[[ SUPPLIED DATA, beginning ]]

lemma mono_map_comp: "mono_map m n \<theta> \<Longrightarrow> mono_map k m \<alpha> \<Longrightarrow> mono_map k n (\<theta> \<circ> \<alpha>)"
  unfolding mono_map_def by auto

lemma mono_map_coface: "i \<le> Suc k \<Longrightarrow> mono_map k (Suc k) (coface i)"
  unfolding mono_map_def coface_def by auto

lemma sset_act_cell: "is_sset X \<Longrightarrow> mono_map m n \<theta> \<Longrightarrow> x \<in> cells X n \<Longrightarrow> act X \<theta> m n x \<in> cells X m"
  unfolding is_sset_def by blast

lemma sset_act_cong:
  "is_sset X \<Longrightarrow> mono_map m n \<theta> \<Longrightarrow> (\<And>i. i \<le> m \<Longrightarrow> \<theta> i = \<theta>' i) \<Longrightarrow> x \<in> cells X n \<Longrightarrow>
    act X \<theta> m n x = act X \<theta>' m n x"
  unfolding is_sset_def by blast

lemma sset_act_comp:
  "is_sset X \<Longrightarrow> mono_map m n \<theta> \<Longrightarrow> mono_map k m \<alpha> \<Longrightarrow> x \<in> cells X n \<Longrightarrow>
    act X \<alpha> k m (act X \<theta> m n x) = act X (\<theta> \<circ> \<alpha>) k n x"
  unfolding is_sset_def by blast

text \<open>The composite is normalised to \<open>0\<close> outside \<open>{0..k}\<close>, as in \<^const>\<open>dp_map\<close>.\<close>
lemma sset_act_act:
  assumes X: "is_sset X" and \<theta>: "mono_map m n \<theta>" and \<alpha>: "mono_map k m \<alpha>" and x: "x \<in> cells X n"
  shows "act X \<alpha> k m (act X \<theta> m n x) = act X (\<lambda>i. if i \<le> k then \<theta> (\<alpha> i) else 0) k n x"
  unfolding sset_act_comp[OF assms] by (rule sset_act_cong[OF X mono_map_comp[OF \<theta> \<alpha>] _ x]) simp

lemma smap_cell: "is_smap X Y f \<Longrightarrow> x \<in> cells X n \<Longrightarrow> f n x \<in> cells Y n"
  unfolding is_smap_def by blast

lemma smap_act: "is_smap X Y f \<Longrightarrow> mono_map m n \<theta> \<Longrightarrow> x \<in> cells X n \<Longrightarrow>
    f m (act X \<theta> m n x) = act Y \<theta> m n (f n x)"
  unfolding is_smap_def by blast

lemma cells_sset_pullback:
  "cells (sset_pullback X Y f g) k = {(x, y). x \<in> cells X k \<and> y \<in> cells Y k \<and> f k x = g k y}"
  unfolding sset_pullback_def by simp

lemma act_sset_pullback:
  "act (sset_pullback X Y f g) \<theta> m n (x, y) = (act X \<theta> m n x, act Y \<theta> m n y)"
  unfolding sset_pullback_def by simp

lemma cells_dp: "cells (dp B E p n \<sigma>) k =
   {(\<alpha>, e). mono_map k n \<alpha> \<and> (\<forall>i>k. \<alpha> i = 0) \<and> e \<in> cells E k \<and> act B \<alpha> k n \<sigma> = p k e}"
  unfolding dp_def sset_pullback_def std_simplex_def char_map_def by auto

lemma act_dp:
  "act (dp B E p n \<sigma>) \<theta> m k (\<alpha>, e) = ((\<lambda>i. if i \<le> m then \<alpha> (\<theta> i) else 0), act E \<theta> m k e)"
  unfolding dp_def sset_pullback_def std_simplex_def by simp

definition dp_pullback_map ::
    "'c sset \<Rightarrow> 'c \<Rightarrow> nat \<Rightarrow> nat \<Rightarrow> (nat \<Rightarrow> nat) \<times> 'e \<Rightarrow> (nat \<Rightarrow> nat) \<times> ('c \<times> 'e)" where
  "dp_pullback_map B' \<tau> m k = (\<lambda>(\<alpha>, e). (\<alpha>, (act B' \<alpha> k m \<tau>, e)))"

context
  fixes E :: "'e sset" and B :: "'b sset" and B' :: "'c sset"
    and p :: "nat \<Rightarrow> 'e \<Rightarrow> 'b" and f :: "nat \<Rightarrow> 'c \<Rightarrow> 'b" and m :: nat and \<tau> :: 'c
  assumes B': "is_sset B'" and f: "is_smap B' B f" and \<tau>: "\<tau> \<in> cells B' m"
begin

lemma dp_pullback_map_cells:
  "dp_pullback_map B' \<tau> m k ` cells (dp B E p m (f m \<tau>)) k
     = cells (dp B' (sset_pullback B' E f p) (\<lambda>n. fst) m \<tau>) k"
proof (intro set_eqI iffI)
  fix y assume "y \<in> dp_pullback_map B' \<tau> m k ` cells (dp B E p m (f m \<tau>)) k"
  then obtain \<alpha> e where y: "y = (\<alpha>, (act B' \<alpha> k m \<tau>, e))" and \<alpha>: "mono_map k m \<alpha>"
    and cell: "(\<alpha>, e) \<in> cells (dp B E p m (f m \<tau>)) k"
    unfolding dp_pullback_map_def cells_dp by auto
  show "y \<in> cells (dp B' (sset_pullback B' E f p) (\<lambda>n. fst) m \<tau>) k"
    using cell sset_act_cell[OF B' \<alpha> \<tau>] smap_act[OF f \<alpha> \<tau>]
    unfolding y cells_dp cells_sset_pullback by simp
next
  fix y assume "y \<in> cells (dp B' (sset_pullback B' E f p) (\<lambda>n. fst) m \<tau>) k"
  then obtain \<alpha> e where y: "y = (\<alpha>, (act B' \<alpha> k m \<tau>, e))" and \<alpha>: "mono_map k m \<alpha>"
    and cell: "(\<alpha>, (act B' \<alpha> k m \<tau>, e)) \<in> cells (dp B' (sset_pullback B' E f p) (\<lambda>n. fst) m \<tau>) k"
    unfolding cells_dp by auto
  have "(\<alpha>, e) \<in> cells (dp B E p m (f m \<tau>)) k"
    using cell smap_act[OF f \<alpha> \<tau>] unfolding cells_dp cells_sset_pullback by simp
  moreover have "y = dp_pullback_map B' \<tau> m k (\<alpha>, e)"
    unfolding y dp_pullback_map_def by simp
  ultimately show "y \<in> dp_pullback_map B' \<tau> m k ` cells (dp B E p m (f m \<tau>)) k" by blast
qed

[[ SUPPLIED DATA, end ]]

YOUR ASSIGNMENT: Quote every line of the data, word for word.

OUTPUT FOR THIS TASK:
lemma mono_map_comp: "mono_map m n \<theta> \<Longrightarrow> mono_map k m \<alpha> \<Longrightarrow> mono_map k n (\<theta> \<circ> \<alpha>)"
  unfolding mono_map_def by auto

lemma mono_map_coface: "i \<le> Suc k \<Longrightarrow> mono_map k (Suc k) (coface i)"
  unfolding mono_map_def coface_def by auto

lemma sset_act_cell: "is_sset X \<Longrightarrow> mono_map m n \<theta> \<Longrightarrow> x \<in> cells X n \<Longrightarrow> act X \<theta> m n x \<in> cells X m"
  unfolding is_sset_def by blast

lemma sset_act_cong:
  "is_sset X \<Longrightarrow> mono_map m n \<theta> \<Longrightarrow> (\<And>i. i \<le> m \<Longrightarrow> \<theta> i = \<theta>' i) \<Longrightarrow> x \<in> cells X n \<Longrightarrow>
    act X \<theta> m n x = act X \<theta>' m n x"
  unfolding is_sset_def by blast

lemma sset_act_comp:
  "is_sset X \<Longrightarrow> mono_map m n \<theta> \<Longrightarrow> mono_map k m \<alpha> \<Longrightarrow> x \<in> cells X n \<Longrightarrow>
    act X \<alpha> k m (act X \<theta> m n x) = act X (\<theta> \<circ> \<alpha>) k n x"
  unfolding is_sset_def by blast

text \<open>The composite is normalised to \<open>0\<close> outside \<open>{0..k}\<close>, as in \<^const>\<open>dp_map\<close>.\<close>
lemma sset_act_act:
  assumes X: "is_sset X" and \<theta>: "mono_map m n \<theta>" and \<alpha>: "mono_map k m \<alpha>" and x: "x \<in> cells X n"
  shows "act X \<alpha> k m (act X \<theta> m n x) = act X (\<lambda>i. if i \<le> k then \<theta> (\<alpha> i) else 0) k n x"
  unfolding sset_act_comp[OF assms] by (rule sset_act_cong[OF X mono_map_comp[OF \<theta> \<alpha>] _ x]) simp

lemma smap_cell: "is_smap X Y f \<Longrightarrow> x \<in> cells X n \<Longrightarrow> f n x \<in> cells Y n"
  unfolding is_smap_def by blast

lemma smap_act: "is_smap X Y f \<Longrightarrow> mono_map m n \<theta> \<Longrightarrow> x \<in> cells X n \<Longrightarrow>
    f m (act X \<theta> m n x) = act Y \<theta> m n (f n x)"
  unfolding is_smap_def by blast

lemma cells_sset_pullback:
  "cells (sset_pullback X Y f g) k = {(x, y). x \<in> cells X k \<and> y \<in> cells Y k \<and> f k x = g k y}"
  unfolding sset_pullback_def by simp

lemma act_sset_pullback:
  "act (sset_pullback X Y f g) \<theta> m n (x, y) = (act X \<theta> m n x, act Y \<theta> m n y)"
  unfolding sset_pullback_def by simp

lemma cells_dp: "cells (dp B E p n \<sigma>) k =
   {(\<alpha>, e). mono_map k n \<alpha> \<and> (\<forall>i>k. \<alpha> i = 0) \<and> e \<in> cells E k \<and> act B \<alpha> k n \<sigma> = p k e}"
  unfolding dp_def sset_pullback_def std_simplex_def char_map_def by auto

lemma act_dp:
  "act (dp B E p n \<sigma>) \<theta> m k (\<alpha>, e) = ((\<lambda>i. if i \<le> m then \<alpha> (\<theta> i) else 0), act E \<theta> m k e)"
  unfolding dp_def sset_pullback_def std_simplex_def by simp

definition dp_pullback_map ::
    "'c sset \<Rightarrow> 'c \<Rightarrow> nat \<Rightarrow> nat \<Rightarrow> (nat \<Rightarrow> nat) \<times> 'e \<Rightarrow> (nat \<Rightarrow> nat) \<times> ('c \<times> 'e)" where
  "dp_pullback_map B' \<tau> m k = (\<lambda>(\<alpha>, e). (\<alpha>, (act B' \<alpha> k m \<tau>, e)))"

context
  fixes E :: "'e sset" and B :: "'b sset" and B' :: "'c sset"
    and p :: "nat \<Rightarrow> 'e \<Rightarrow> 'b" and f :: "nat \<Rightarrow> 'c \<Rightarrow> 'b" and m :: nat and \<tau> :: 'c
  assumes B': "is_sset B'" and f: "is_smap B' B f" and \<tau>: "\<tau> \<in> cells B' m"
begin

lemma dp_pullback_map_cells:
  "dp_pullback_map B' \<tau> m k ` cells (dp B E p m (f m \<tau>)) k
     = cells (dp B' (sset_pullback B' E f p) (\<lambda>n. fst) m \<tau>) k"
proof (intro set_eqI iffI)
  fix y assume "y \<in> dp_pullback_map B' \<tau> m k ` cells (dp B E p m (f m \<tau>)) k"
  then obtain \<alpha> e where y: "y = (\<alpha>, (act B' \<alpha> k m \<tau>, e))" and \<alpha>: "mono_map k m \<alpha>"
    and cell: "(\<alpha>, e) \<in> cells (dp B E p m (f m \<tau>)) k"
    unfolding dp_pullback_map_def cells_dp by auto
  show "y \<in> cells (dp B' (sset_pullback B' E f p) (\<lambda>n. fst) m \<tau>) k"
    using cell sset_act_cell[OF B' \<alpha> \<tau>] smap_act[OF f \<alpha> \<tau>]
    unfolding y cells_dp cells_sset_pullback by simp
next
  fix y assume "y \<in> cells (dp B' (sset_pullback B' E f p) (\<lambda>n. fst) m \<tau>) k"
  then obtain \<alpha> e where y: "y = (\<alpha>, (act B' \<alpha> k m \<tau>, e))" and \<alpha>: "mono_map k m \<alpha>"
    and cell: "(\<alpha>, (act B' \<alpha> k m \<tau>, e)) \<in> cells (dp B' (sset_pullback B' E f p) (\<lambda>n. fst) m \<tau>) k"
    unfolding cells_dp by auto
  have "(\<alpha>, e) \<in> cells (dp B E p m (f m \<tau>)) k"
    using cell smap_act[OF f \<alpha> \<tau>] unfolding cells_dp cells_sset_pullback by simp
  moreover have "y = dp_pullback_map B' \<tau> m k (\<alpha>, e)"
    unfolding y dp_pullback_map_def by simp
  ultimately show "y \<in> dp_pullback_map B' \<tau> m k ` cells (dp B E p m (f m \<tau>)) k" by blast
qed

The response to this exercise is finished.